All small tribes, families respect the elders of the village. and always ask the elders of big families for any problem they are facing in the village.

Education ratio
the education ratio is quite low in the area as majority of the peoples are poor and cannot afford the education expenses of their children. But still a tide of awareness in the peoples is seen especially in all tribes of the village. About 33% of the total village population is literate.

Agricultural status
In agricultural field, the major crops like Wheat, Tobacco, Maize, Sunflower, Rice, Sugar cane, Mustard, Potatoes, and all types of vegetables are cultivated here.

Culture
The common Peoples of Dandoqa, live a traditional life dominated by Pakhtoon Culture. Education has recently made growth in this village. The most of the common people of this village affiliated to Awami National Party, Pakistan Muslim League, Pakistan People Party, Pakistan Tehreek e Insaf, Jamiat Ulema e Islam. The educated class of these tribes are serving in respectable departments (Health, Judiciary, Business, Education, Engineering and Humanitarian Work).

Festivals
Religious festivals like Eid ul Fitar, Eid ul Azhaa and Eid e Melaad, Ramadan Mubarak are celebrated with religious zeal and passion. Other festivals and ceremonies like marriages, engagements, etc. are also celebrated with traditional pomp and show. Beating the drum (dholkey, in local dialect) has been one of the amazing trends followed up till now in marriage ceremonies.

Sports
In sports, Volley Ball and Cricket are the dominating games played in this village. Many young boys are today the players of volleyball for various teams like Pakistan Army, etc. Elders like to play cards in their local gathering houses called "Hujra".
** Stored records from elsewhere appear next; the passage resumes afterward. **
(* Let $A$ be a vector space with bilinear operations $\star,[-,-]$, and $x\cdot y=x\star y+y\star x$. (1) If $(A,\cdot,[-,-])$ is a transposed Poisson algebra, $(A,\star)$ is Zinbiel, and $(\mathcal{L}_{\star},\mathrm{ad},A)$ is a representation of the transposed Poisson algebra $(A,\cdot,[-,-])$, then $(A,\star,[-,-])$ is a TZLO algebra, i.e. $x\star[y,z]=[x,y]\star z=[x,y\star z]=0$ for all $x,y,z\in A$. (2) Conversely, if $(A,\star,[-,-])$ is a TZLO algebra, then $(A,\cdot,[-,-])$ is a transposed Poisson algebra with representation $(\mathcal{L}_{\star},\mathrm{ad},A)$.
   Context: Finite-dimensional spaces, characteristic zero. $\mathcal{L}_\star(x)y=x\star y$, $\mathrm{ad}(x)y=[x,y]$. Zinbiel: $x\star(y\star z)=(x\star y)\star z+(y\star x)\star z$. Transposed Poisson algebra: $(A,\cdot)$ commutative associative, $(A,[-,-])$ Lie, $2z\cdot[x,y]=[z\cdot x,y]+[x,z\cdot y]$. A representation of a transposed Poisson algebra is $(\mu,\rho,V)$ with $\mu(x\cdot y)=\mu(x)\mu(y)$, $\rho([x,y])=[\rho(x),\rho(y)]$, $2\mu(x)\rho(y)=\rho(x\cdot y)+\rho(y)\mu(x)$, $2\mu([x,y])=\rho(x)\mu(y)-\rho(y)\mu(x)$. A TZLO algebra is $(A,\star,[-,-])$ with $(A,\star)$ Zinbiel, $(A,[-,-])$ Lie, and $x\star[y,z]=[x,y]\star z=[x,y\star z]=0$ for all $x,y,z$. *)

theory Defs
  imports Complex_Main
begin

definition fin_dim_vs :: "('k::field_char_0 \<Rightarrow> 'v::ab_group_add \<Rightarrow> 'v) \<Rightarrow> bool" where
  "fin_dim_vs sc \<longleftrightarrow> (\<exists>B. finite_dimensional_vector_space sc B)"

definition bilinear_op :: "('k::field \<Rightarrow> 'v::ab_group_add \<Rightarrow> 'v) \<Rightarrow> ('v \<Rightarrow> 'v \<Rightarrow> 'v) \<Rightarrow> bool" where
  "bilinear_op sc m \<longleftrightarrow> (\<forall>x. Vector_Spaces.linear sc sc (m x)) \<and> (\<forall>y. Vector_Spaces.linear sc sc (\<lambda>x. m x y))"

definition zinbiel :: "('v \<Rightarrow> 'v \<Rightarrow> 'v::ab_group_add) \<Rightarrow> bool" where
  "zinbiel st \<longleftrightarrow> (\<forall>x y z. st x (st y z) = st (st x y) z + st (st y x) z)"

definition lie_alg :: "('v \<Rightarrow> 'v \<Rightarrow> 'v::ab_group_add) \<Rightarrow> bool" where
  "lie_alg br \<longleftrightarrow> (\<forall>x. br x x = 0) \<and>
     (\<forall>x y z. br x (br y z) + br y (br z x) + br z (br x y) = 0)"

definition comm_assoc_alg :: "('v \<Rightarrow> 'v \<Rightarrow> 'v) \<Rightarrow> bool" where
  "comm_assoc_alg m \<longleftrightarrow> (\<forall>x y. m x y = m y x) \<and> (\<forall>x y z. m (m x y) z = m x (m y z))"

definition transposed_poisson :: "('k::field \<Rightarrow> 'v::ab_group_add \<Rightarrow> 'v) \<Rightarrow> ('v \<Rightarrow> 'v \<Rightarrow> 'v) \<Rightarrow> ('v \<Rightarrow> 'v \<Rightarrow> 'v) \<Rightarrow> bool" where
  "transposed_poisson sc dot br \<longleftrightarrow> comm_assoc_alg dot \<and> lie_alg br \<and>
     (\<forall>x y z. sc 2 (dot z (br x y)) = br (dot z x) y + br x (dot z y))"

text \<open>Representation (mu, rho, V) of the transposed Poisson algebra (A, dot, br):
mu, rho linear maps from A to linear endomorphisms of V, satisfying the four identities
(compositions written pointwise on v in V).\<close>

definition tp_rep :: "('k::field \<Rightarrow> 'v::ab_group_add \<Rightarrow> 'v) \<Rightarrow> ('k \<Rightarrow> 'w::ab_group_add \<Rightarrow> 'w)
    \<Rightarrow> ('v \<Rightarrow> 'v \<Rightarrow> 'v) \<Rightarrow> ('v \<Rightarrow> 'v \<Rightarrow> 'v) \<Rightarrow> ('v \<Rightarrow> 'w \<Rightarrow> 'w) \<Rightarrow> ('v \<Rightarrow> 'w \<Rightarrow> 'w) \<Rightarrow> bool" where
  "tp_rep scA scV dot br \<mu> \<rho> \<longleftrightarrow>
     (\<forall>x. Vector_Spaces.linear scV scV (\<mu> x)) \<and> (\<forall>x. Vector_Spaces.linear scV scV (\<rho> x)) \<and>
     (\<forall>v. Vector_Spaces.linear scA scV (\<lambda>x. \<mu> x v)) \<and> (\<forall>v. Vector_Spaces.linear scA scV (\<lambda>x. \<rho> x v)) \<and>
     (\<forall>x y v. \<mu> (dot x y) v = \<mu> x (\<mu> y v)) \<and>
     (\<forall>x y v. \<rho> (br x y) v = \<rho> x (\<rho> y v) - \<rho> y (\<rho> x v)) \<and>
     (\<forall>x y v. scV 2 (\<mu> x (\<rho> y v)) = \<rho> (dot x y) v + \<rho> y (\<mu> x v)) \<and>
     (\<forall>x y v. scV 2 (\<mu> (br x y) v) = \<rho> x (\<mu> y v) - \<rho> y (\<mu> x v))"

definition tzlo :: "('v \<Rightarrow> 'v \<Rightarrow> 'v::ab_group_add) \<Rightarrow> ('v \<Rightarrow> 'v \<Rightarrow> 'v) \<Rightarrow> bool" where
  "tzlo st br \<longleftrightarrow> zinbiel st \<and> lie_alg br \<and>
     (\<forall>x y z. st x (br y z) = 0 \<and> st (br x y) z = 0 \<and> br x (st y z) = 0)"

end

theory Submission
  imports Defs
begin

text \<open>With \<open>\<mu> = L\<^sub>\<star>\<close> and \<open>\<rho> = ad\<close>, subtracting the third representation identity from the
  transposed Poisson identity gives \<open>2 [x,y]\<star>z = [x, y\<star>z]\<close>; comparing with the fourth
  representation identity forces \<open>[y, x\<star>z] = 0\<close>, and then \<open>[x,y]\<star>z = 0\<close> and
  \<open>z\<star>[x,y] = 0\<close> follow since \<open>2\<close> is invertible. Conversely, when all mixed products vanish
  every identity involving the bracket reduces to \<open>0 = 0\<close> or to the Jacobi identity, and the
  remaining ones (associativity of the anticommutator and \<open>L\<^sub>\<star>(x\<cdot>y) = L\<^sub>\<star>(x) L\<^sub>\<star>(y)\<close>)
  are consequences of the Zinbiel identity.\<close>

lemma linear_add: "Vector_Spaces.linear s s f \<Longrightarrow> f (a + b) = f a + f b"
  using module_hom.add[OF module_hom_linearI] by blast

lemma bilinear_op_add_left: "bilinear_op sc m \<Longrightarrow> m (a + b) c = m a c + m b c"
  unfolding bilinear_op_def using linear_add[of sc "\<lambda>x. m x c"] by blast

lemma bilinear_op_add_right: "bilinear_op sc m \<Longrightarrow> m c (a + b) = m c a + m c b"
  unfolding bilinear_op_def using linear_add[of sc "m c"] by blast

lemma bilinear_op_zero_right: "bilinear_op sc m \<Longrightarrow> m c 0 = 0"
  using bilinear_op_add_right[of sc m c 0 0] by simp

lemma bilinear_op_minus_right: "bilinear_op sc m \<Longrightarrow> m c (- a) = - m c a"
  using bilinear_op_add_right[of sc m c a "- a"] bilinear_op_zero_right[of sc m c]
  by (simp add: eq_neg_iff_add_eq_0 add.commute)

lemma fin_dim_vs_vector_space: "fin_dim_vs sc \<Longrightarrow> vector_space sc"
  unfolding fin_dim_vs_def using finite_dimensional_vector_space.axioms(1) by blast

lemma lie_alg_antisym:
  assumes "bilinear_op sc br" "lie_alg br"
  shows "br y x = - br x y"
proof -
  have "br (x + y) (x + y) = 0" "br x x = 0" "br y y = 0"
    using assms(2) unfolding lie_alg_def by blast+
  then have "br x y + br y x = 0"
    using bilinear_op_add_left[OF assms(1)] bilinear_op_add_right[OF assms(1)] by (simp add: add_ac)
  then show ?thesis by (simp add: eq_neg_iff_add_eq_0 add.commute)
qed

lemma lie_alg_ad_bracket:
  assumes "bilinear_op sc br" "lie_alg br"
  shows "br (br x y) v = br x (br y v) - br y (br x v)"
proof -
  have "br x (br y v) + br y (br v x) + br v (br x y) = 0"
    using assms(2) unfolding lie_alg_def by blast
  moreover have "br y (br v x) = - br y (br x v)"
    using lie_alg_antisym[OF assms, of x v] bilinear_op_minus_right[OF assms(1)] by simp
  moreover have "br v (br x y) = - br (br x y) v"
    using lie_alg_antisym[OF assms, of "br x y" v] by simp
  ultimately show ?thesis by (simp add: algebra_simps)
qed

lemma zinbiel_left_mult_sym:
  assumes "bilinear_op sc st" "zinbiel st"
  shows "st (st x y + st y x) v = st x (st y v)"
  using assms unfolding zinbiel_def by (simp add: bilinear_op_add_left)

lemma zinbiel_sym_comm_assoc:
  assumes "bilinear_op sc st" "zinbiel st"
  shows "comm_assoc_alg (\<lambda>x y. st x y + st y x)"
  unfolding comm_assoc_alg_def
proof (intro conjI allI)
  fix x y z
  show "st x y + st y x = st y x + st x y" by (rule add.commute)
  have Z: "\<And>x y z. st x (st y z) = st (st x y) z + st (st y x) z"
    using assms(2) unfolding zinbiel_def by blast
  have "st z (st x y) = st x (st z y)" using Z[of z x y] Z[of x z y] by (simp add: add.commute)
  then show "st (st x y + st y x) z + st z (st x y + st y x)
      = st x (st y z + st z y) + st (st y z + st z y) x"
    using Z[of x y z] Z[of z y x] bilinear_op_add_left[OF assms(1)] bilinear_op_add_right[OF assms(1)]
    by (simp add: algebra_simps)
qed

lemma tp_rep_left_mult_ad_mixed_zero:
  fixes sc :: "'k::field_char_0 \<Rightarrow> 'v::ab_group_add \<Rightarrow> 'v"
  assumes V: "vector_space sc" and st: "bilinear_op sc st" and br: "bilinear_op sc br"
    and TP: "transposed_poisson sc (\<lambda>x y. st x y + st y x) br"
    and R: "tp_rep sc sc (\<lambda>x y. st x y + st y x) br st br"
  shows "st x (br y z) = 0 \<and> st (br x y) z = 0 \<and> br x (st y z) = 0"
proof -
  interpret vector_space sc by (fact V)
  have lie: "lie_alg br"
    and tp: "\<And>x y z. sc 2 (st z (br x y) + st (br x y) z)
                        = br (st z x + st x z) y + br x (st z y + st y z)"
    using TP unfolding transposed_poisson_def by blast+
  have rep3: "\<And>x y v. sc 2 (st x (br y v)) = br (st x y + st y x) v + br y (st x v)"
    and rep4: "\<And>x y v. sc 2 (st (br x y) v) = br x (st y v) - br y (st x v)"
    using R unfolding tp_rep_def by blast+
  note add = bilinear_op_add_left[OF st] bilinear_op_add_right[OF st]
    bilinear_op_add_left[OF br] bilinear_op_add_right[OF br]
  have double_left: "sc 2 (st (br x y) z) = br x (st y z)" for x y z
    using tp[of z x y] rep3[of z x y] add by (simp add: scale_right_distrib algebra_simps)
  have br_st: "br y (st x z) = 0" for x y z
    using double_left[of x y z] rep4[of x y z] by simp
  have st_br_left: "st (br x y) z = 0" for x y z
    using double_left[of x y z] br_st by simp
  have "sc 2 (st x (br y z)) = 0"
    using rep3[of x y z] br_st lie_alg_antisym[OF br lie, of z "st x y"]
      lie_alg_antisym[OF br lie, of z "st y x"] add by simp
  then have "st x (br y z) = 0" by simp
  with br_st st_br_left show ?thesis by blast
qed

lemma tzlo_transposed_poisson:
  assumes V: "vector_space sc" and st: "bilinear_op sc st" and br: "bilinear_op sc br"
    and T: "tzlo st br"
  shows "transposed_poisson sc (\<lambda>x y. st x y + st y x) br"
proof -
  interpret vector_space sc by (fact V)
  have lie: "lie_alg br" and Z: "zinbiel st"
    and mixed: "\<And>x y z. st x (br y z) = 0" "\<And>x y z. st (br x y) z = 0" "\<And>x y z. br x (st y z) = 0"
    using T unfolding tzlo_def by blast+
  have "br (st z x + st x z) y + br x (st z y + st y z) = 0" for x y z
    using lie_alg_antisym[OF br lie, of y "st z x + st x z"] mixed(3) bilinear_op_add_right[OF br]
    by simp
  then show ?thesis
    unfolding transposed_poisson_def using lie zinbiel_sym_comm_assoc[OF st Z] mixed by simp
qed

lemma tzlo_tp_rep:
  assumes V: "vector_space sc" and st: "bilinear_op sc st" and br: "bilinear_op sc br"
    and T: "tzlo st br"
  shows "tp_rep sc sc (\<lambda>x y. st x y + st y x) br st br"
proof -
  interpret vector_space sc by (fact V)
  have lie: "lie_alg br" and Z: "zinbiel st"
    and mixed: "\<And>x y z. st x (br y z) = 0" "\<And>x y z. st (br x y) z = 0" "\<And>x y z. br x (st y z) = 0"
    using T unfolding tzlo_def by blast+
  have "br (st x y + st y x) v = 0" for x y v
    using lie_alg_antisym[OF br lie, of v "st x y + st y x"] mixed(3) bilinear_op_add_right[OF br]
    by simp
  then show ?thesis
    unfolding tp_rep_def
    using st br zinbiel_left_mult_sym[OF st Z] lie_alg_ad_bracket[OF br lie] mixed
    unfolding bilinear_op_def by simp
qed

theorem mainTheorem10:
  fixes sc :: "'k::field_char_0 \<Rightarrow> 'v::ab_group_add \<Rightarrow> 'v"
    and st br :: "'v \<Rightarrow> 'v \<Rightarrow> 'v"
  assumes "fin_dim_vs sc"
    and "bilinear_op sc st" and "bilinear_op sc br"
  shows "(transposed_poisson sc (\<lambda>x y. st x y + st y x) br \<and> zinbiel st \<and>
           tp_rep sc sc (\<lambda>x y. st x y + st y x) br st br
          \<longrightarrow> tzlo st br)
       \<and> (tzlo st br \<longrightarrow>
           transposed_poisson sc (\<lambda>x y. st x y + st y x) br \<and>
           tp_rep sc sc (\<lambda>x y. st x y + st y x) br st br)"
proof -
  have V: "vector_space sc" using fin_dim_vs_vector_space[OF assms(1)] .
  show ?thesis
  proof (intro conjI impI; (elim conjE)?)
    assume TP: "transposed_poisson sc (\<lambda>x y. st x y + st y x) br" and "zinbiel st"
      and "tp_rep sc sc (\<lambda>x y. st x y + st y x) br st br"
    moreover have "lie_alg br" using TP unfolding transposed_poisson_def by blast
    ultimately show "tzlo st br"
      unfolding tzlo_def using tp_rep_left_mult_ad_mixed_zero[OF V assms(2,3)] by blast
  qed (use V assms(2,3) tzlo_transposed_poisson tzlo_tp_rep in blast)+
qed

end
text \<open>Coproduct, lifted to the free algebra; the value is a formal sum of
  simple tensors a \<otimes> b, represented as a list of pairs.\<close>

fun delta_gen :: "gen \<Rightarrow> (uexpr \<times> uexpr) list" where
  "delta_gen GK = [(uK, uK), (uL, uL)]"
| "delta_gen GKb = [(uKb, uKb), (uLb, uLb)]"
| "delta_gen GL = [(uL, uK), (uK, uL)]"
| "delta_gen GLb = [(uLb, uKb), (uKb, uLb)]"
| "delta_gen GE = [(uone, uE), (uE, Add uK uL)]"
| "delta_gen GF = [(uF, uone), (Add uKb uLb, uF)]"

fun delta :: "uexpr \<Rightarrow> (uexpr \<times> uexpr) list" where
  "delta (Gen g) = delta_gen g"
| "delta (Sc c) = [(Sc c, uone)]"
| "delta (Add a b) = delta a @ delta b"
| "delta (Mul a b) = [(Mul x1 x2, Mul y1 y2). (x1, y1) \<leftarrow> delta a, (x2, y2) \<leftarrow> delta b]"

fun eps_gen :: "gen \<Rightarrow> complex" where
  "eps_gen GK = 1" | "eps_gen GKb = 1" | "eps_gen GL = 0" | "eps_gen GLb = 0"
| "eps_gen GE = 0" | "eps_gen GF = 0"

fun eps :: "uexpr \<Rightarrow> complex" where
  "eps (Gen g) = eps_gen g"
| "eps (Sc c) = c"
| "eps (Add a b) = eps a + eps b"
| "eps (Mul a b) = eps a * eps b"

fun S_gen :: "gen \<Rightarrow> uexpr" where
  "S_gen GK = uKb" | "S_gen GKb = uK" | "S_gen GL = uLb" | "S_gen GLb = uL"
| "S_gen GE = uneg (Mul uE (Add uKb uLb))"
| "S_gen GF = uneg (Mul (Add uK uL) uF)"

fun antipode :: "uexpr \<Rightarrow> uexpr" where
  "antipode (Gen g) = S_gen g"
| "antipode (Sc c) = Sc c"
| "antipode (Add a b) = Add (antipode a) (antipode b)"
| "antipode (Mul a b) = Mul (antipode b) (antipode a)"

definition usum :: "uexpr list \<Rightarrow> uexpr" where
  "usum xs = foldr Add xs (Sc 0)"

definition conv_id_S :: "uexpr \<Rightarrow> uexpr" where
  "conv_id_S x = usum [Mul a (antipode b). (a, b) \<leftarrow> delta x]"

definition conv_S_id :: "uexpr \<Rightarrow> uexpr" where
  "conv_S_id x = usum [Mul (antipode a) b. (a, b) \<leftarrow> delta x]"

end

theory Submission
  imports Defs
begin

text \<open>
  Both convolutions are computed on the free algebra, so we prove
  the antipode identities for every syntax tree x by structural induction.
  \<^item> Formal sums usum behave like finite sums modulo eqU: they split over
    append and concat, are compatible with two-sided multiplication, and
    double sums can be interchanged.
  \<^item> Both convolutions are additive, because delta is.
  \<^item> Both are multiplicative in the Hopf-algebraic sense: if (id * S)(b) is the
    scalar eps(b), then (id * S)(a b) = eps(b) (id * S)(a), since
    a1 b1 S(b2) S(a2) collapses in the middle; dually for (S * id).
  \<^item> On scalars the claim is immediate, and on the six generators it is a
    direct check using that K Kb and L Lb are complementary idempotents,
    whence K Lb = L Kb = Kb L = Lb K = 0 and (Kb + Lb)(K + L) = 1.
  The theorem then follows by induction.
\<close>

context fixes q :: complex begin

abbreviation eqq (infix "\<approx>" 50) where "x \<approx> y \<equiv> eqU q x y"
Common life of inhabitants
The people of Dandoka live a traditional rural life. Religious festivals like Eid ul Fitar, Eid ul Azhaa and Eid e Melaad are celebrated with religious zeal and passion. Other festivals and ceremonies like marriages, engagements, etc. are also celebrated with traditional pomp and show. Beating the drum (dholkey, in local dialect) has been one of the amazing trends followed up till now in marriage ceremonies.